What you have to do | Set down each line exactly, beginning with the one that contains "i) * fps_nth" and continuing through the last line of the listing, and nothing else.

Data for this task |
lemma prod_list_map_rep_list:
  fixes f :: "'a \<Rightarrow> 'b::comm_monoid_mult"
  shows "prod_list (map f (rep_list y ks)) = (\<Prod>q<length ks. f (y q) ^ (ks ! q))"
proof -
  have "prod_list (map f (concat xss)) = prod_list (map (\<lambda>xs. prod_list (map f xs)) xss)" for xss
    by (induction xss) auto
  moreover have "prod_list (map h [0..<n]) = (\<Prod>q<n. h q)" for h :: "nat \<Rightarrow> 'b" and n
    by (induction n) (auto simp: lessThan_Suc mult.commute)
  ultimately show ?thesis
    by (simp add: rep_list_def o_def)
qed

lemma prod_power_list_update_minus:
  fixes g :: "nat \<Rightarrow> 'a::comm_monoid_mult"
  assumes "q0 < length ks" "r \<le> ks ! q0"
  shows "(\<Prod>q<length ks. g q ^ (ks[q0 := ks ! q0 - r] ! q)) * g q0 ^ r
       = (\<Prod>q<length ks. g q ^ (ks ! q))"
proof -
  have q0: "q0 \<in> {..<length ks}" using assms by simp
  have rest: "(\<Prod>q\<in>{..<length ks} - {q0}. g q ^ (ks[q0 := ks ! q0 - r] ! q))
      = (\<Prod>q\<in>{..<length ks} - {q0}. g q ^ (ks ! q))"
    by (rule prod.cong) auto
  have "g q0 ^ r * g q0 ^ (ks ! q0 - r) = g q0 ^ (ks ! q0)"
    using assms by (simp add: power_add[symmetric])
  then show ?thesis
    using prod.remove[OF _ q0, of "\<lambda>q. g q ^ (ks[q0 := ks ! q0 - r] ! q)"]
      prod.remove[OF _ q0, of "\<lambda>q. g q ^ (ks ! q)"] assms
    by (simp add: rest mult.assoc[symmetric] mult.commute[of _ "g q0 ^ r"])
qed

lemma signed_esym_reduced_eq_nth_mult_inv_lin_pow:
  assumes "q0 < length ks" "r \<le> ks ! q0"
  shows "(-1) ^ m * esym (int m) (rep_list y (ks[q0 := ks ! q0 - r]))
       = fps_nth (lin_prod_fps y ks * inv_lin_pow_fps (y q0) r) m"
proof -
  let ?Q = "\<Prod>q<length ks. lin_fps (y q) ^ (ks[q0 := ks ! q0 - r] ! q)"
  have "?Q = ?Q * (lin_fps (y q0) ^ r * inv_lin_pow_fps (y q0) r)"
    using inv_lin_pow_fps_mult_power[of "y q0" r] by (simp add: mult.commute)
  also have "\<dots> = lin_prod_fps y ks * inv_lin_pow_fps (y q0) r"
    using prod_power_list_update_minus[OF assms, of "\<lambda>q. lin_fps (y q)"]
    by (simp add: lin_prod_fps_def mult.assoc[symmetric])
  finally show ?thesis
    using fps_nth_prod_list_lin_fps[of "rep_list y (ks[q0 := ks ! q0 - r])" m]
    by (simp add: prod_list_map_rep_list)
qed

lemma fps_nth_lin_prod_fps_0: "fps_nth (lin_prod_fps y ks) 0 = 1"
proof -
  have "fps_nth (\<Prod>q<n. lin_fps (y q) ^ (ks ! q)) 0 = 1" for n
    by (induction n) (simp_all add: lessThan_Suc fps_power_zeroth lin_fps_def)
  then show ?thesis by (simp add: lin_prod_fps_def)
qed

lemma upper_toeplitz_mat_carrier: "upper_toeplitz_mat N f \<in> carrier_mat N N"
  by (simp add: upper_toeplitz_mat_def)

lemma det_upper_toeplitz_mat:
  assumes "fps_nth f 0 = 1"
  shows "det (upper_toeplitz_mat N f) = 1"
proof -
  have "upper_triangular (upper_toeplitz_mat N f)"
    by (rule upper_triangularI) (simp add: upper_toeplitz_mat_def)
  then have "det (upper_toeplitz_mat N f) = prod_list (diag_mat (upper_toeplitz_mat N f))"
    using det_upper_triangular upper_toeplitz_mat_carrier by blast
  then show ?thesis
    by (simp add: prod_list_diag_prod upper_toeplitz_mat_def assms)
qed

text \<open>For \<open>r = 0\<close> the convolution would need the term \<open>l = N\<close>, which lies outside the matrix.\<close>
lemma upper_toeplitz_conv:
  fixes f g :: "'a::comm_ring_1 fps"
  assumes "1 \<le> r"
  shows "(\<Sum>l<N. (if i \<le> l then fps_nth f (l - i) else 0)
                   * (if l + r \<le> N then fps_nth g (N - l - r) else 0))
       = (if i + r \<le> N then fps_nth (f * g) (N - i - r) else 0)"
proof (cases "i + r \<le> N")
  case False
  then show ?thesis by (auto intro!: sum.neutral)
next
  case True
  define K where "K = N - i - r"
  have "(\<Sum>l<N. (if i \<le> l then fps_nth f (l - i) else 0)
                 * (if l + r \<le> N then fps_nth g (N - l - r) else 0))
      = (\<Sum>l\<in>(+) i ` {0..K}. fps_nth f (l - i) * fps_nth g (N - l - r))"
    using assms True
    by (intro sum.mono_neutral_cong_right) (auto simp: K_def image_iff intro: exI[of _ "_ - i"])
  also have "\<dots> = (\<Sum>s=0..K. fps_nth f s * fps_nth g (K - s))"
    by (subst sum.reindex) (auto simp: K_def add_ac intro!: sum.cong)
  finally show ?thesis
    using True by (simp add: fps_mult_nth K_def)
qed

Result below |
      = (\<Sum>l\<in>(+) i ` {0..K}. fps_nth f (l - i) * fps_nth g (N - l - r))"
    using assms True
    by (intro sum.mono_neutral_cong_right) (auto simp: K_def image_iff intro: exI[of _ "_ - i"])
  also have "\<dots> = (\<Sum>s=0..K. fps_nth f s * fps_nth g (K - s))"
    by (subst sum.reindex) (auto simp: K_def add_ac intro!: sum.cong)
  finally show ?thesis
    using True by (simp add: fps_mult_nth K_def)
qed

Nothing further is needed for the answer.